In the tokamak configuration, the confining magnetic field is generated by external coils and by an electric current flowing within the plasma. The cost of driving these currents has a strong impact on the economic attractiveness of a fusion reactor based on the tokamak approach. One step to minimizing this cost is to make the external coils of superconducting wire. The second step is to take full advantage of a surprising feature of the tokamak configuration: under certain conditions the electric current in the plasma can be generated by the plasma itself ("bootstrap" current).
The recent joint experiment, carried out on the DIII-D National Fusion Facility at General Atomics in San Diego, involved scientists from the DIII-D tokamak and from the Experimental Advanced Superconducting Tokamak (EAST), a fusion energy research facility at the Institute of Plasma Physics, Chinese Academy of Sciences (ASIPP) in Hefei, China. Building on earlier DIII-D work, the experiment found that it is feasible for a tokamak to operate reliably at high fusion performance with most (more than 85 percent) of its plasma current consisting of bootstrap current. These conditions were maintained for several seconds, beyond the characteristic time scale of the plasma current evolution, and limited only by DIII-D pulse length constraints.

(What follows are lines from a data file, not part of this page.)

(* Let $\mathfrak{g}=\mathfrak{W}\oplus\mathfrak{W}$ be the direct sum of two copies of the Witt algebra and let $\bigwedge^2\mathfrak{g}$ carry the $\mathfrak{g}$-module structure induced by the adjoint action. Then $$H^1\big(\mathfrak{W}\oplus\mathfrak{W},\textstyle\bigwedge^2(\mathfrak{W}\oplus\mathfrak{W})\big)=\{0\}.$$ Equivalently: for every linear map $\delta:\mathfrak{g}\to\bigwedge^2\mathfrak{g}$ satisfying $\delta([x,y])=x\cdot\delta(y)-y\cdot\delta(x)$ for all $x,y\in\mathfrak{g}$, there exists $r\in\bigwedge^2\mathfrak{g}$ with $\delta(x)=x\cdot r$ for all $x\in\mathfrak{g}$.
   Context: The Witt algebra $\mathfrak{W}$ is the complex Lie algebra with basis $\{L_m : m\in\mathbb{Z}\}$ and bracket $[L_m,L_n]=(m-n)L_{m+n}$. The algebra $\mathfrak{W}\oplus\mathfrak{W}$ has basis $\{L_m,\bar L_m: m\in\mathbb{Z}\}$ with $[L_m,L_n]=(m-n)L_{m+n}$, $[\bar L_m,\bar L_n]=(m-n)\bar L_{m+n}$, $[L_m,\bar L_n]=0$. For a Lie algebra $\mathfrak{g}$, $\bigwedge^2\mathfrak{g}$ (finite sums of $a\wedge b=a\otimes b-b\otimes a$) is a $\mathfrak{g}$-module via $x\cdot(a\wedge b)=[x,a]\wedge b+a\wedge[x,b]$. A 1-cocycle is a linear map $\delta:\mathfrak{g}\to\bigwedge^2\mathfrak{g}$ with $\delta([x,y])=x\cdot\delta(y)-y\cdot\delta(x)$; a 1-coboundary is a map $x\mapsto x\cdot r$ for fixed $r\in\bigwedge^2\mathfrak{g}$; $H^1$ is the quotient of cocycles by coboundaries. *)

theory Defs
  imports Complex_Main "HOL-Library.Function_Algebras"
begin

text \<open>Basis of W (+) W: index (b, m) with b :: bool the copy (False: L_m, True: Lbar_m).\<close>

type_synonym idx = "bool \<times> int"
type_synonym elt = "idx \<Rightarrow> complex"
type_synonym tens = "idx \<times> idx \<Rightarrow> complex"

definition supp :: "('a \<Rightarrow> complex) \<Rightarrow> 'a set" where
  "supp f = {i. f i \<noteq> 0}"

definition gW :: "elt set" where
  "gW = {x. finite (supp x)}"

definition basis_vec :: "idx \<Rightarrow> elt" where
  "basis_vec i = (\<lambda>k. if k = i then 1 else 0)"

definition br_basis :: "idx \<Rightarrow> idx \<Rightarrow> elt" where
  "br_basis i j = (if fst i = fst j
     then (\<lambda>k. of_int (snd i - snd j) * basis_vec (fst i, snd i + snd j) k)
     else (\<lambda>k. 0))"

definition bracket :: "elt \<Rightarrow> elt \<Rightarrow> elt" where
  "bracket x y = (\<Sum>i\<in>supp x. \<Sum>j\<in>supp y. (\<lambda>k. x i * y j * br_basis i j k))"

definition tensor :: "elt \<Rightarrow> elt \<Rightarrow> tens" where
  "tensor a b = (\<lambda>(i, j). a i * b j)"

definition wedge :: "elt \<Rightarrow> elt \<Rightarrow> tens" where
  "wedge a b = tensor a b - tensor b a"

inductive_set Wedge2 :: "tens set" where
  zero: "0 \<in> Wedge2"
| add: "\<lbrakk>a \<in> gW; b \<in> gW; t \<in> Wedge2\<rbrakk> \<Longrightarrow> wedge a b + t \<in> Wedge2"

text \<open>Action of g on g (x) g induced by the adjoint action:
  x.(a (x) b) = [x,a] (x) b + a (x) [x,b], extended linearly.\<close>
definition act :: "elt \<Rightarrow> tens \<Rightarrow> tens" where
  "act x t = (\<Sum>p\<in>supp t. (\<lambda>q. t p * (tensor (bracket x (basis_vec (fst p))) (basis_vec (snd p)) q
                                   + tensor (basis_vec (fst p)) (bracket x (basis_vec (snd p))) q)))"

definition is_cocycle :: "(elt \<Rightarrow> tens) \<Rightarrow> bool" where
  "is_cocycle \<delta> \<longleftrightarrow>
     (\<forall>x\<in>gW. \<delta> x \<in> Wedge2) \<and>
     (\<forall>x\<in>gW. \<forall>y\<in>gW. \<delta> (x + y) = \<delta> x + \<delta> y) \<and>
     (\<forall>c. \<forall>x\<in>gW. \<delta> (\<lambda>k. c * x k) = (\<lambda>q. c * \<delta> x q)) \<and>
     (\<forall>x\<in>gW. \<forall>y\<in>gW. \<delta> (bracket x y) = act x (\<delta> y) - act y (\<delta> x))"

definition is_coboundary :: "(elt \<Rightarrow> tens) \<Rightarrow> bool" where
  "is_coboundary \<delta> \<longleftrightarrow> (\<exists>r\<in>Wedge2. \<forall>x\<in>gW. \<delta> x = act x r)"

end

theory Submission
  imports Defs
begin

text \<open>A cocycle \<open>\<delta>\<close> is determined by its values on basis vectors, and the cocycle identity for
  pairs of basis vectors splits along the four blocks \<open>W\<^sub>b\<^sub>1 \<otimes> W\<^sub>b\<^sub>2\<close> of \<open>g \<otimes> g\<close>. On a block
  \<open>W\<^sub>b \<otimes> W\<^sub>b\<close>, the copy \<open>W\<^sub>b\<close> gives a cocycle with values in \<open>W \<otimes> W\<close>: after subtracting a
  coboundary it vanishes on \<open>L\<^sub>0\<close>, so its value on \<open>L\<^sub>m\<close> has degree \<open>m\<close>; on these degree slices
  the identities for \<open>[L\<^sub>1, L\<^sub>-\<^sub>1]\<close>, \<open>[L\<^sub>1, L\<^sub>-\<^sub>2]\<close>, \<open>[L\<^sub>-\<^sub>1, L\<^sub>2]\<close>, \<open>[L\<^sub>2, L\<^sub>-\<^sub>2]\<close> are recurrences
  forcing it to be a coboundary on the generators \<open>L\<^sub>\<plusminus>\<^sub>1, L\<^sub>\<plusminus>\<^sub>2\<close>, hence everywhere. On a
  mixed block the two copies act on different factors and weights alone produce a primitive. On a
  block of the other copy the action is trivial, and the cocycle vanishes because \<open>W = [W, W]\<close>.
  Gluing the four primitives and antisymmetrising gives \<open>r \<in> \<And>\<^sup>2 g\<close>.\<close>

section \<open>Finitely supported functions and the basis of \<open>W \<oplus> W\<close>\<close>

lemma sum_apply: "(\<Sum>i\<in>S. f i) x = (\<Sum>i\<in>S. f i x)"
  by (induction S rule: infinite_finite_induct) auto

lemma sum_eq_single:
  assumes "finite S" and "\<And>p. p \<noteq> a \<Longrightarrow> h p = 0" and "a \<notin> S \<Longrightarrow> h a = 0"
  shows "(\<Sum>p\<in>S. h p) = h a"
proof -
  have "(\<Sum>p\<in>S. h p) = (\<Sum>p\<in>S. if p = a then h p else 0)"
    using assms(2) by (intro sum.cong) auto
  also have "\<dots> = h a" using assms(1,3) by simp
  finally show ?thesis .
qed

lemma supp_basis_vec: "supp (basis_vec i) = {i}"
  by (auto simp: supp_def basis_vec_def)

lemma basis_vec_in_gW: "basis_vec i \<in> gW"
  by (simp add: gW_def supp_basis_vec)

lemma scaled_basis_vec_in_gW: "(\<lambda>k. c * basis_vec i k) \<in> gW"
proof -
  have "supp (\<lambda>k. c * basis_vec i k) \<subseteq> {i}" by (auto simp: supp_def basis_vec_def)
  then show ?thesis by (auto simp: gW_def intro: finite_subset)
qed

lemma gW_zero: "(0 :: elt) \<in> gW"
  by (simp add: gW_def supp_def)

lemma gW_add: "a \<in> gW \<Longrightarrow> b \<in> gW \<Longrightarrow> a + b \<in> gW"
proof -
  assume "a \<in> gW" "b \<in> gW"
  moreover have "supp (a + b) \<subseteq> supp a \<union> supp b" by (auto simp: supp_def)
  ultimately show ?thesis by (auto simp: gW_def intro: finite_subset)
qed

lemma gW_sum: "finite S \<Longrightarrow> (\<And>i. i \<in> S \<Longrightarrow> g i \<in> gW) \<Longrightarrow> (\<Sum>i\<in>S. g i) \<in> gW"
  by (induction S rule: finite_induct) (auto intro: gW_add gW_zero)

lemma gW_basis_expansion: "x \<in> gW \<Longrightarrow> x = (\<Sum>i\<in>supp x. (\<lambda>k. x i * basis_vec i k))"
proof
  fix k assume "x \<in> gW"
  then have "(\<Sum>i\<in>supp x. x i * basis_vec i k) = x k * basis_vec k k"
    by (intro sum_eq_single) (auto simp: gW_def basis_vec_def supp_def)
  then show "x k = (\<Sum>i\<in>supp x. (\<lambda>k. x i * basis_vec i k)) k"
    by (simp add: sum_apply basis_vec_def)
qed

lemma bracket_basis_vec_right: "bracket x (basis_vec j) k = (\<Sum>i\<in>supp x. x i * br_basis i j k)"
  unfolding bracket_def sum_apply supp_basis_vec by (simp add: basis_vec_def)

lemma bracket_basis_vec: "bracket (basis_vec i) (basis_vec j) = br_basis i j"
  by (rule ext) (simp only: bracket_basis_vec_right supp_basis_vec, simp add: basis_vec_def)

lemma Wedge2_finite_supp: "t \<in> Wedge2 \<Longrightarrow> finite (supp t)"
proof (induction rule: Wedge2.induct)
  case (add a b t)
  have "supp (wedge a b + t) \<subseteq> (supp a \<times> supp b) \<union> (supp b \<times> supp a) \<union> supp t"
    by (auto simp: supp_def wedge_def tensor_def)
  moreover have "finite ((supp a \<times> supp b) \<union> (supp b \<times> supp a) \<union> supp t)"
    using add by (simp add: gW_def)
  ultimately show ?case by (rule finite_subset)
qed (simp add: supp_def)

lemma Wedge2_antisym: "t \<in> Wedge2 \<Longrightarrow> t (p, q) = - t (q, p)"
proof (induction rule: Wedge2.induct)
  case (add a b t)
  then show ?case by (simp add: wedge_def tensor_def)
qed simp

lemma Wedge2_sum:
  "finite S \<Longrightarrow> (\<And>s. s \<in> S \<Longrightarrow> a s \<in> gW \<and> b s \<in> gW) \<Longrightarrow> (\<Sum>s\<in>S. wedge (a s) (b s)) \<in> Wedge2"
proof (induction S rule: finite_induct)
  case (insert x F)
  then have "wedge (a x) (b x) + (\<Sum>s\<in>F. wedge (a s) (b s)) \<in> Wedge2" by (intro Wedge2.add) auto
  then show ?case by (simp only: sum.insert[OF insert(1,2)])
qed (simp add: Wedge2.zero)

Scientists from the EAST tokamak experiment work with their US colleagues in control room of the DIII-D tokamak where they carried out experiments to test concepts that will enable groundbreaking experiments in EAST in 2014.
(Photo Credit: Andrea Garofalo)
"It is often said that a plasma with a high fraction of self-generated (bootstrap) current would be difficult to control. However, these experiments show that a high bootstrap fraction plasma is very stable against transients: the plasma seems to 'like' a state where a large fraction of the current is self-generated," said Dr. Andrea Garofalo, General Atomics scientist and co-leader of the joint experiment.
These results build the foundation for follow-up experiments to be conducted on EAST, where the superconducting coils enable extension to very long pulse, and verification of the compatibility of this regime with reactor relevant boundary conditions.
ASIPP Director Prof. Jiangang Li remarked, "After the successful joint experiments in DIII-D, I am fully convinced that the DIII-D results can be reproduced on EAST in the near future, which will help us achieve the demonstration of high fusion performance in long pulse tokamak discharges."